Assigned task -> Only one stretch of the data below should be repeated: the lines from the line containing "real^'n^'n) \<Rightarrow> real^'n^'n" through the line containing "Haar measure since", inclusive, exactly as they are.

** Records supplied follows **

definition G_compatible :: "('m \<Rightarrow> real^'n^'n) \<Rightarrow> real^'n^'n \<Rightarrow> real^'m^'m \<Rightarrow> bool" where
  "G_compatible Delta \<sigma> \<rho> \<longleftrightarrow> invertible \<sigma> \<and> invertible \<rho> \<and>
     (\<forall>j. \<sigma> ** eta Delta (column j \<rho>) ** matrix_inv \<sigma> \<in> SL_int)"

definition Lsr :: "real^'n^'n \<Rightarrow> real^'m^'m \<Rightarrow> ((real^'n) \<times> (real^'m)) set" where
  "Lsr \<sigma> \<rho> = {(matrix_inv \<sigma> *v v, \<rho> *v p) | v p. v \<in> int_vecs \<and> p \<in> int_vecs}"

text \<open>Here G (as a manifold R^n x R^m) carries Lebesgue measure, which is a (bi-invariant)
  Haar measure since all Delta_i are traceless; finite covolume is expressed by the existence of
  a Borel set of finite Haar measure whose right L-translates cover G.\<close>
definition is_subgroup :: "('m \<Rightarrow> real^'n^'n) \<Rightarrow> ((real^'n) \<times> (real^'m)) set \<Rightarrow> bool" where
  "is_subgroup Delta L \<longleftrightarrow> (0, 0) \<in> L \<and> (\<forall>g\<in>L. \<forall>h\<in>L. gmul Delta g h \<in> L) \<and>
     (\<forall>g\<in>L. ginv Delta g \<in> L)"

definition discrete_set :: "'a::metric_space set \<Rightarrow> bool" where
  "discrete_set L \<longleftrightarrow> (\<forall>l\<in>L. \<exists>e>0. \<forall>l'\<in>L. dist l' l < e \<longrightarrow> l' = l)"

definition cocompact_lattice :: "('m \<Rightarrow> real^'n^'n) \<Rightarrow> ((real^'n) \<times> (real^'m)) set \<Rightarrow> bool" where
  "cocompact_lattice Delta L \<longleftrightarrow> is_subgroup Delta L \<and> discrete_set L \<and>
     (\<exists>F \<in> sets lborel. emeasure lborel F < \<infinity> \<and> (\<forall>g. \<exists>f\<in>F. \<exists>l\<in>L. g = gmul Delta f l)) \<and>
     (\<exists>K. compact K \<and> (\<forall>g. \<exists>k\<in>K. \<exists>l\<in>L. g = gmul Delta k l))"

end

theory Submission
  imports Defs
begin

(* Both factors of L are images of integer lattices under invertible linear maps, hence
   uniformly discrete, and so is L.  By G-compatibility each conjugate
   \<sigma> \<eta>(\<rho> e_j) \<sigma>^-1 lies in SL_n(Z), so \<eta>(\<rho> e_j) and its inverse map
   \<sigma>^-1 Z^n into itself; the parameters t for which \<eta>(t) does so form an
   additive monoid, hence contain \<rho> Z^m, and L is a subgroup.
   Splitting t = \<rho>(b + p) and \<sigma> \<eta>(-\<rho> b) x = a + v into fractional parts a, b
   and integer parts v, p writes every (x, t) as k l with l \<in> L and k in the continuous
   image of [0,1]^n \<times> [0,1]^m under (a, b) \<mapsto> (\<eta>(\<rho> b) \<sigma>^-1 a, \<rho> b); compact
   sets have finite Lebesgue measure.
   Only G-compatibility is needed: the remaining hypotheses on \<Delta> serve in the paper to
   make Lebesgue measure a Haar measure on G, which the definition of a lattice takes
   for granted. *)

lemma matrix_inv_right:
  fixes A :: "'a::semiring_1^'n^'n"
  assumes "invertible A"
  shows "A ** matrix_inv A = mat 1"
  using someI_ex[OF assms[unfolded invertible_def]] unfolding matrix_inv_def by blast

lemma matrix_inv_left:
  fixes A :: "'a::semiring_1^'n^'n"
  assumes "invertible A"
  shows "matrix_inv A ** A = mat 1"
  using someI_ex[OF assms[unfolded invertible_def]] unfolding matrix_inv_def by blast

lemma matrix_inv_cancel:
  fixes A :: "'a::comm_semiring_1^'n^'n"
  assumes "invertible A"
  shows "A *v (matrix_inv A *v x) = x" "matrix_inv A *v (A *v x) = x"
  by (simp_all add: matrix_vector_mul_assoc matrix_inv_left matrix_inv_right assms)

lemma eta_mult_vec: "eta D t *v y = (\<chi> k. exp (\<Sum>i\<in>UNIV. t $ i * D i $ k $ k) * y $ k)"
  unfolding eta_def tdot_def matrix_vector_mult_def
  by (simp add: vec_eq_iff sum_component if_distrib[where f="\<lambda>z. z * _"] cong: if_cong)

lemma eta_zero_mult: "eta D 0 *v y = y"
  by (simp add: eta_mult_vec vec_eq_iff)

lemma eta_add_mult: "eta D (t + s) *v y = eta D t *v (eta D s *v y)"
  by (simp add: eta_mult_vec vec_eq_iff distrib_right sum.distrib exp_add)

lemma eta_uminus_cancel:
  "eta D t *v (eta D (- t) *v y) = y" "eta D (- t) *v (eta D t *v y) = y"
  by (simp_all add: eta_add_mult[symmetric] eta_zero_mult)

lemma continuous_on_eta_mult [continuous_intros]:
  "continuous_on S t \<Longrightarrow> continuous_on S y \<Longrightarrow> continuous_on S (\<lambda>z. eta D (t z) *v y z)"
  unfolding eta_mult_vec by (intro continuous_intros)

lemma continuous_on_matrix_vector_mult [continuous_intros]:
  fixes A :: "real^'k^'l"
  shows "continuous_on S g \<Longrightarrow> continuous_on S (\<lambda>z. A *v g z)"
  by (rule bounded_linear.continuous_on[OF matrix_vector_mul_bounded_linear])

** End of Records supplied **
** Records supplied follows **

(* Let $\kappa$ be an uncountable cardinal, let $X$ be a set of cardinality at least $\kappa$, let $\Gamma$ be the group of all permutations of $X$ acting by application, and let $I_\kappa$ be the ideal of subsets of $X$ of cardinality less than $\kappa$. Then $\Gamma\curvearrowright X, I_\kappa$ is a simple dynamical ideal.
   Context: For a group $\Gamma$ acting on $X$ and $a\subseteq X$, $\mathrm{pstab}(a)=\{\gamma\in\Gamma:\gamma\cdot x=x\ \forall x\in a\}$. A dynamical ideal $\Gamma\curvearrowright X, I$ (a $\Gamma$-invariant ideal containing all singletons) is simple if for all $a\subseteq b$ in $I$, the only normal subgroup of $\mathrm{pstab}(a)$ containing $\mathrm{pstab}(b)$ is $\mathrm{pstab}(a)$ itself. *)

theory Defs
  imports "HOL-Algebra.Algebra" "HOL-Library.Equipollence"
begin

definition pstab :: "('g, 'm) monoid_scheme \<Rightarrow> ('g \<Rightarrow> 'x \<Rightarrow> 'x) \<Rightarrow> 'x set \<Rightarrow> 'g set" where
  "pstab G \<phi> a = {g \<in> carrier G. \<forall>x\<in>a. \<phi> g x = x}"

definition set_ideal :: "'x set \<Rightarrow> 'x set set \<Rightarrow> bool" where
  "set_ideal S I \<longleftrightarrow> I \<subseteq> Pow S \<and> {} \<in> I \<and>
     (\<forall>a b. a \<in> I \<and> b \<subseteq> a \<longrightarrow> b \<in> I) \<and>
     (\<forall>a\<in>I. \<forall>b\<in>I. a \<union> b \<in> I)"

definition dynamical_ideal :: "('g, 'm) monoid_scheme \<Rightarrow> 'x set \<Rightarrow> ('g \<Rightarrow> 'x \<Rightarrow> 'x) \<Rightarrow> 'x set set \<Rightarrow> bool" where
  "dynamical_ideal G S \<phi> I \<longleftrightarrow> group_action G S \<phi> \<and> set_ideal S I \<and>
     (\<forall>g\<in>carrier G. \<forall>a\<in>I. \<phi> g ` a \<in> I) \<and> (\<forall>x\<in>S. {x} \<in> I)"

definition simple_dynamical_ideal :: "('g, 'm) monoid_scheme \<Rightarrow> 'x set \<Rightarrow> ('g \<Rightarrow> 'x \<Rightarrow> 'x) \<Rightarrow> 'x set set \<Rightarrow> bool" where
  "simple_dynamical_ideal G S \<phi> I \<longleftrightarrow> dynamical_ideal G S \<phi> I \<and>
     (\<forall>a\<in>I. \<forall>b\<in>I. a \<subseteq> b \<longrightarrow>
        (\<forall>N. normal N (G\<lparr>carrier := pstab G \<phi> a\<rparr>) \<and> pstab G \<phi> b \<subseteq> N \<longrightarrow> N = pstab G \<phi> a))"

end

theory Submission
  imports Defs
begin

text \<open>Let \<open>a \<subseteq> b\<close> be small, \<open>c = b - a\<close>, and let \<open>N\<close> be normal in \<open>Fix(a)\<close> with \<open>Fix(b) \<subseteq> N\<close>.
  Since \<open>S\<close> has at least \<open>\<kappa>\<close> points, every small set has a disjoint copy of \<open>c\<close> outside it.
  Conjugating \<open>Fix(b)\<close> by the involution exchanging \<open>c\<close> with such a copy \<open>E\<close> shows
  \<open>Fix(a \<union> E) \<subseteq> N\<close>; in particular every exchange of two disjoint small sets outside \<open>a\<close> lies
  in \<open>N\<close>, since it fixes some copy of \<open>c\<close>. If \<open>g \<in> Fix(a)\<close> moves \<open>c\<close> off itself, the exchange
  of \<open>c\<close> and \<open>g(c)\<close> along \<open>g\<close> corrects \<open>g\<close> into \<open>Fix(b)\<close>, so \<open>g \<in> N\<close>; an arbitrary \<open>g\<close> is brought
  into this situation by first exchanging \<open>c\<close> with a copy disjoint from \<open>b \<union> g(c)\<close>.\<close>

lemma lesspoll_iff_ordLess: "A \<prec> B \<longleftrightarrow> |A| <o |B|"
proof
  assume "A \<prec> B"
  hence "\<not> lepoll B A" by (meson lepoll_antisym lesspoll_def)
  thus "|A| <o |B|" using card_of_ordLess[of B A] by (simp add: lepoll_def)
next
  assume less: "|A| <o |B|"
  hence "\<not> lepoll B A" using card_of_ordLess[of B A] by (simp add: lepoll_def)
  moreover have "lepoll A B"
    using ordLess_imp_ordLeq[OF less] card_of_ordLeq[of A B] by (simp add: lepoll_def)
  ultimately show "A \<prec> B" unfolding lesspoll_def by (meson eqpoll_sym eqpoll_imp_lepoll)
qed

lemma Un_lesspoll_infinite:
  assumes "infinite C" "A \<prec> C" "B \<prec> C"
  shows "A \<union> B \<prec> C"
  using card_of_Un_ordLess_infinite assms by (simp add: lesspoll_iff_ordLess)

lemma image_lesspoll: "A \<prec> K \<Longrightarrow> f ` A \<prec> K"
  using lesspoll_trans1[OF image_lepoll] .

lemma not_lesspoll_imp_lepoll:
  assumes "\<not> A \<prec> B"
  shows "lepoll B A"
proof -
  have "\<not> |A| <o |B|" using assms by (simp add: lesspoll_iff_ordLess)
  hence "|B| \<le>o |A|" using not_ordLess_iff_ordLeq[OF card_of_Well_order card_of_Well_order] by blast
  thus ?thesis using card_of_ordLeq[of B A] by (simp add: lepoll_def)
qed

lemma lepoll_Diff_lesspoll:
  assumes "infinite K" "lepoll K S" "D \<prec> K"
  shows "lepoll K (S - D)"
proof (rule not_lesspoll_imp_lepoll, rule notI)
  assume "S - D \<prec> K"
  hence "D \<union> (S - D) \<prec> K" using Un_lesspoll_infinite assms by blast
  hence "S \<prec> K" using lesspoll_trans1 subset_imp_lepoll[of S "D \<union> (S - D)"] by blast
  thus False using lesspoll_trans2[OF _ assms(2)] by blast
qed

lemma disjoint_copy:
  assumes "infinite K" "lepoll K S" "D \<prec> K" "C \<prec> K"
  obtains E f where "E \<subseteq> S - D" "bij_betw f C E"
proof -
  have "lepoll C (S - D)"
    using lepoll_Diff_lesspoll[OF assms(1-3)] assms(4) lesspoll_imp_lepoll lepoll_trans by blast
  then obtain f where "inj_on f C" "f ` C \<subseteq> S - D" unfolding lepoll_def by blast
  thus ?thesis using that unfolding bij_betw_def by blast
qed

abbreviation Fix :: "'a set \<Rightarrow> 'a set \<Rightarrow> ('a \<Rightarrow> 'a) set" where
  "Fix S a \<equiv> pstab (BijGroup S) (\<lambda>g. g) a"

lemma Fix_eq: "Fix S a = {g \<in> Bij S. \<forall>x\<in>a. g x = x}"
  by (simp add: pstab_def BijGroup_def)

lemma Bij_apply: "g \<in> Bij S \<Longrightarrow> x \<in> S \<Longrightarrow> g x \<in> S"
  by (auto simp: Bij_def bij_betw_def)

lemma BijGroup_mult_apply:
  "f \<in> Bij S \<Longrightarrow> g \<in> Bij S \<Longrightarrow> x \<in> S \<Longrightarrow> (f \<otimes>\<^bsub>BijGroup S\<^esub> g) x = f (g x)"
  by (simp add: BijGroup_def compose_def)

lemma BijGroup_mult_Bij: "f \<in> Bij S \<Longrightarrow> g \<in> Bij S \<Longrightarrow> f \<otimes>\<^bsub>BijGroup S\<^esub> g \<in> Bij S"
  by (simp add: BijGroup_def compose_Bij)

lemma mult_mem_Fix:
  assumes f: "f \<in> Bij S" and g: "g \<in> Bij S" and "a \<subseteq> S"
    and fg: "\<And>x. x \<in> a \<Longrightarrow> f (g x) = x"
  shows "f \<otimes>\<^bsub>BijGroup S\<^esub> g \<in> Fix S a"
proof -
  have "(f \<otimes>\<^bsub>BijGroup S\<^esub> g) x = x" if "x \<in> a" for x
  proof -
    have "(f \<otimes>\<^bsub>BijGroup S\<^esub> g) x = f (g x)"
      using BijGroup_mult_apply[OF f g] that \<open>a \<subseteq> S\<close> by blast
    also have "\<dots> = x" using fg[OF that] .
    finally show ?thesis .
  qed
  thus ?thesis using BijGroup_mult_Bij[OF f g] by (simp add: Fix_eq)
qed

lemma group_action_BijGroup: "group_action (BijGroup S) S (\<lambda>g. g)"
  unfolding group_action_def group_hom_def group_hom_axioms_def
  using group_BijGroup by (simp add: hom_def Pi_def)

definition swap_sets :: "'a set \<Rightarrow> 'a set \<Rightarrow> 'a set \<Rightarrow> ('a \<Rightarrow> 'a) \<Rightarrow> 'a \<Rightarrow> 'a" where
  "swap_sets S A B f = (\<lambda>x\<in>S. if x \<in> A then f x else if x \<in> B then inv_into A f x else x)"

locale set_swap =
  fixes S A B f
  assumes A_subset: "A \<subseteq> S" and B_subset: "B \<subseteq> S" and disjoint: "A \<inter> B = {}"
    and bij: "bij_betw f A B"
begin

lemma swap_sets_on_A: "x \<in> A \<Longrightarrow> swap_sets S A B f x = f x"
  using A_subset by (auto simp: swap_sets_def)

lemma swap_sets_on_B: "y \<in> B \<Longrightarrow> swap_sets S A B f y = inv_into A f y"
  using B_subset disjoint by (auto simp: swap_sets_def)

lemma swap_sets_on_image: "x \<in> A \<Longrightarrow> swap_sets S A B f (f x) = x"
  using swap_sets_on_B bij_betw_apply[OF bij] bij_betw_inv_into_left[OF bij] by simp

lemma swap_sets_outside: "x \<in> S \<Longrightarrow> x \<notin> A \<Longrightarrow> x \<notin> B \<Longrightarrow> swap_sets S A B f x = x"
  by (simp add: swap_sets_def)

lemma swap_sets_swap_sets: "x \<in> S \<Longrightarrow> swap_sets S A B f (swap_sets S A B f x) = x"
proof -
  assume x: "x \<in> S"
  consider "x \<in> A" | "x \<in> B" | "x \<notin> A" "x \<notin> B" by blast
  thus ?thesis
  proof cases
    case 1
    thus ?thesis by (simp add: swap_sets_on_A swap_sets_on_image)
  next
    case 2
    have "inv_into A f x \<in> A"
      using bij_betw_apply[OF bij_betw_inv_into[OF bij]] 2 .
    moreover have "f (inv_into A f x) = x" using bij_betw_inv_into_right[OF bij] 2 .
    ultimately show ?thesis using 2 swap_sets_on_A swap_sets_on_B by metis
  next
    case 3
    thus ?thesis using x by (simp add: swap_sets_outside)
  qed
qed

** End of Records supplied **
** Records supplied follows **

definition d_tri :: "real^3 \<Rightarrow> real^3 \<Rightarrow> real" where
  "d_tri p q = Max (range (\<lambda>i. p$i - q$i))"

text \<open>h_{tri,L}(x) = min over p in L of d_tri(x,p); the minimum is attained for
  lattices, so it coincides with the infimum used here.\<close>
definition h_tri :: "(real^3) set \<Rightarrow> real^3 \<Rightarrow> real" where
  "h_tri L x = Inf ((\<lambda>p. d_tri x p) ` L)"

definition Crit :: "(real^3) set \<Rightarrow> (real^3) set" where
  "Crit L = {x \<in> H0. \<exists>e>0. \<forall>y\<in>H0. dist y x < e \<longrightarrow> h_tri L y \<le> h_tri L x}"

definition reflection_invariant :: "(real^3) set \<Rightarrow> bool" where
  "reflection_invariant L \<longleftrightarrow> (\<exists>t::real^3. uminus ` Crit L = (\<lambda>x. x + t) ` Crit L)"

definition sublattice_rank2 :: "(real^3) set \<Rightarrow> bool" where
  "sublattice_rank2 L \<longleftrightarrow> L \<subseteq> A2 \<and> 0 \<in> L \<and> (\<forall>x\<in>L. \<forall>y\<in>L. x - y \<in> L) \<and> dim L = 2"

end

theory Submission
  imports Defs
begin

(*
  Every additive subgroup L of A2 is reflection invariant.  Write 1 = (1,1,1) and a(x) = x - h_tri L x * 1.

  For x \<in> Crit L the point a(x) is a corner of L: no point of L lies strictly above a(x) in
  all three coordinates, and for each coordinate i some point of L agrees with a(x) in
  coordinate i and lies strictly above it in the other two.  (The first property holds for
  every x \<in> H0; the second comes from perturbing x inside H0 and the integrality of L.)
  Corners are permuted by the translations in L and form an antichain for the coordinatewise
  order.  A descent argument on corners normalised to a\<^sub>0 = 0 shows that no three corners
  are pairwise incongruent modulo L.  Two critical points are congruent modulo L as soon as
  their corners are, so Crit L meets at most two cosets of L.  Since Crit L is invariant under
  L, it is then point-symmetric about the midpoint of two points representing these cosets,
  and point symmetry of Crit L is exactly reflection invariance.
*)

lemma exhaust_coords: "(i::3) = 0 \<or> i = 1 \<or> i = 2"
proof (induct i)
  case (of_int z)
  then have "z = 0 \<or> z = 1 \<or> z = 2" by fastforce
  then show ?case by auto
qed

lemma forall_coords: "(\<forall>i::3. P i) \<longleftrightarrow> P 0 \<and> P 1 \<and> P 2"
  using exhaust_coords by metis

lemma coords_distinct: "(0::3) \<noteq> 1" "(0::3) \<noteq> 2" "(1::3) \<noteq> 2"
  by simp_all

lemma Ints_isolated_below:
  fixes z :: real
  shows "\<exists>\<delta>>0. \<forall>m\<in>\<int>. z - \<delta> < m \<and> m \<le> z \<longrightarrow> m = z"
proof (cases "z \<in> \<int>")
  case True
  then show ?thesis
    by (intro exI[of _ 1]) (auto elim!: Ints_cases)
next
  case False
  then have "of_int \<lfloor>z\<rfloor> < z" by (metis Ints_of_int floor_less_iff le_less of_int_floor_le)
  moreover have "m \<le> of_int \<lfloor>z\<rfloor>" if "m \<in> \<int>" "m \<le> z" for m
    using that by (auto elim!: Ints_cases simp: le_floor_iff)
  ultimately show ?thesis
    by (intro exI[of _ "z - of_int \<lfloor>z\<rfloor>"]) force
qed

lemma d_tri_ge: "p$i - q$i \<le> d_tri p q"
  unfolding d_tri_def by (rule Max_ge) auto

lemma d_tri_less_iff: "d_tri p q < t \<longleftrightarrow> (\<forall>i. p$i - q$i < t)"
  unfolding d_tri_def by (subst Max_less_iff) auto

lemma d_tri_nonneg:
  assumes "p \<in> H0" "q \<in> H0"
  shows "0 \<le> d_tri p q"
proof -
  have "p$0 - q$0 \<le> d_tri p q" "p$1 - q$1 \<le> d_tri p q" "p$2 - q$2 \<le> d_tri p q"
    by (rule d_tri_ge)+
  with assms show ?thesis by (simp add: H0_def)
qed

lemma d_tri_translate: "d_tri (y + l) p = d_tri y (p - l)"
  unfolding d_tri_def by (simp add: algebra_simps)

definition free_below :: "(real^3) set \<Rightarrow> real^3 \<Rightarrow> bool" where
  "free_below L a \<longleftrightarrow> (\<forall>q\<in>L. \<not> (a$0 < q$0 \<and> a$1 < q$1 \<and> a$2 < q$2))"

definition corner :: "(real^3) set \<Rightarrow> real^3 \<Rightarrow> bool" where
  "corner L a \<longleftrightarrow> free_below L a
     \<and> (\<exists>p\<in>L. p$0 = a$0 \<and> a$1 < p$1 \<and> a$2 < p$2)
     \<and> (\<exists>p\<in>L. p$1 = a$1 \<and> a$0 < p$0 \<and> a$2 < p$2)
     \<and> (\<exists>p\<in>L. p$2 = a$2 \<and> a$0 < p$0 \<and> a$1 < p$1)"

** End of Records supplied **

Answer to this task ->
definition G_compatible :: "('m \<Rightarrow> real^'n^'n) \<Rightarrow> real^'n^'n \<Rightarrow> real^'m^'m \<Rightarrow> bool" where
  "G_compatible Delta \<sigma> \<rho> \<longleftrightarrow> invertible \<sigma> \<and> invertible \<rho> \<and>
     (\<forall>j. \<sigma> ** eta Delta (column j \<rho>) ** matrix_inv \<sigma> \<in> SL_int)"

definition Lsr :: "real^'n^'n \<Rightarrow> real^'m^'m \<Rightarrow> ((real^'n) \<times> (real^'m)) set" where
  "Lsr \<sigma> \<rho> = {(matrix_inv \<sigma> *v v, \<rho> *v p) | v p. v \<in> int_vecs \<and> p \<in> int_vecs}"

text \<open>Here G (as a manifold R^n x R^m) carries Lebesgue measure, which is a (bi-invariant)
  Haar measure since all Delta_i are traceless; finite covolume is expressed by the existence of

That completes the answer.